Trackers Evaluation on MOT Challenge Data

An easy way to run Similari trackers and measure their performance on real data from Multiple Object Tracking Benchmark (MOTChallenge).

Download The Data

For the MOT20 use one of the links:

curl -o MOT20Labels.zip https://motchallenge.net/data/MOT20Labels.zip

Extract the label files to the data/ folder:

unzip MOT20Labels.zip
mkdir data
mv MOT20Labels data/MOT20

The data folder structure for MOT20 should be:

MOT20/
  test/
    MOT20-04/
    ...
  train/
    MOT20-01/
      det/
      gt/
      ...
    ...

Build The Docker Image

docker build -t similari_py_mot -f python/motchallenge/Dockerfile .

Run The Processing and Evaluation

Execute code to process default data/MOT20/train data using default Similari SORT that uses IoU metric with 0.3 threshold:

docker run --rm -v $(pwd)/data:/data similari_py_mot

Predefined config file for the canonical (python+numpy) SORT:

docker run --rm \
    -v $(pwd)/data:/data \
    -v $(pwd)/python/motchallenge/confs/original-sort-config.toml.yml:/opt/custom_config.yml \
    similari_py_mot /opt/custom_config.yml

Predefined config file for the Similari SORT that uses Mahalanobis metric:

docker run --rm \
    -v $(pwd)/data:/data \
    -v $(pwd)/python/motchallenge/confs/similari-maha-sort-config.toml.yml:/opt/custom_config.yml \
    similari_py_mot /opt/custom_config.yml

Interpreting The Results

The whole process is logged on the stdout.

The FPS processing performance is displayed for every processed file like:

Processing MOT20-01...
Read file "/data/MOT20/train/MOT20-01/det/det.txt".
429 frames collected, with an average of 29.4 detections per frame.

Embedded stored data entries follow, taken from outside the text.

section \<open>Residues modulo a monic polynomial and an integer\<close>

lemma monic_pseudo_mod:
  fixes F h :: "int poly"
  assumes "lead_coeff F = 1"
  shows "F dvd h - pseudo_mod h F" and "\<forall>i\<ge>degree F. coeff (pseudo_mod h F) i = 0"
proof -
  have F: "F \<noteq> 0" using assms by auto
  obtain k r where kr: "pseudo_divmod h F = (k, r)"
    by (cases "pseudo_divmod h F")
  then have "smult (lead_coeff F ^ (Suc (degree h) - degree F)) h = F * k + pseudo_mod h F"
    using pseudo_divmod(1)[OF F kr] by (simp add: pseudo_mod_def)
  then have "h - pseudo_mod h F = F * k"
    using assms by simp
  then show "F dvd h - pseudo_mod h F"
    by (rule dvdI)
  show "\<forall>i\<ge>degree F. coeff (pseudo_mod h F) i = 0"
    using pseudo_mod(2)[OF F, of h] by (auto intro: coeff_eq_0)
qed

lemma dvd_vanishing_above_degree_imp_0:
  fixes F r :: "'a::idom poly"
  assumes "F dvd r" "F \<noteq> 0" "\<forall>i\<ge>degree F. coeff r i = 0"
  shows "r = 0"
proof (rule ccontr)
  assume "r \<noteq> 0"
  then have "degree F \<le> degree r"
    using assms(1) by (rule dvd_imp_degree_le[rotated])
  then have "lead_coeff r = 0"
    using assms(3) by blast
  then show False
    using \<open>r \<noteq> 0\<close> by simp
qed

lemma monic_pseudo_mod_unique:
  fixes F h r :: "int poly"
  assumes monic: "lead_coeff F = 1" and "F dvd h - r" and r: "\<forall>i\<ge>degree F. coeff r i = 0"
  shows "pseudo_mod h F = r"
proof -
  have "F dvd (h - r) - (h - pseudo_mod h F)"
    using assms(2) monic_pseudo_mod(1)[OF monic] by (rule dvd_diff)
  then have "F dvd pseudo_mod h F - r"
    by simp
  moreover have "F \<noteq> 0"
    using monic by auto
  moreover have "\<forall>i\<ge>degree F. coeff (pseudo_mod h F - r) i = 0"
    using monic_pseudo_mod(2)[OF monic] r by simp
  ultimately have "pseudo_mod h F - r = 0"
    by (rule dvd_vanishing_above_degree_imp_0)
  then show ?thesis
    by simp
qed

100%|██████████| 429/429 [00:00<00:00, 1166.01it/s]MOT20-01 processing ended after 0:00:00.368002 (1165.76 FPS).
Resulting file /data/MOT20/output/sort_iou/data/MOT20-01.txt was successfully written.

The resulting files will be saved to the specified folder (output_path in the config file).

The data/MOT20/output/<NAME>/data folder output structure:

  • pedestrian_detailed.csv - detailed evaluation info;
  • pedestrian_summary.txt - evaluation summary;
  • processing_stats.csv - processing statistics: frames, detections, FPS, etc.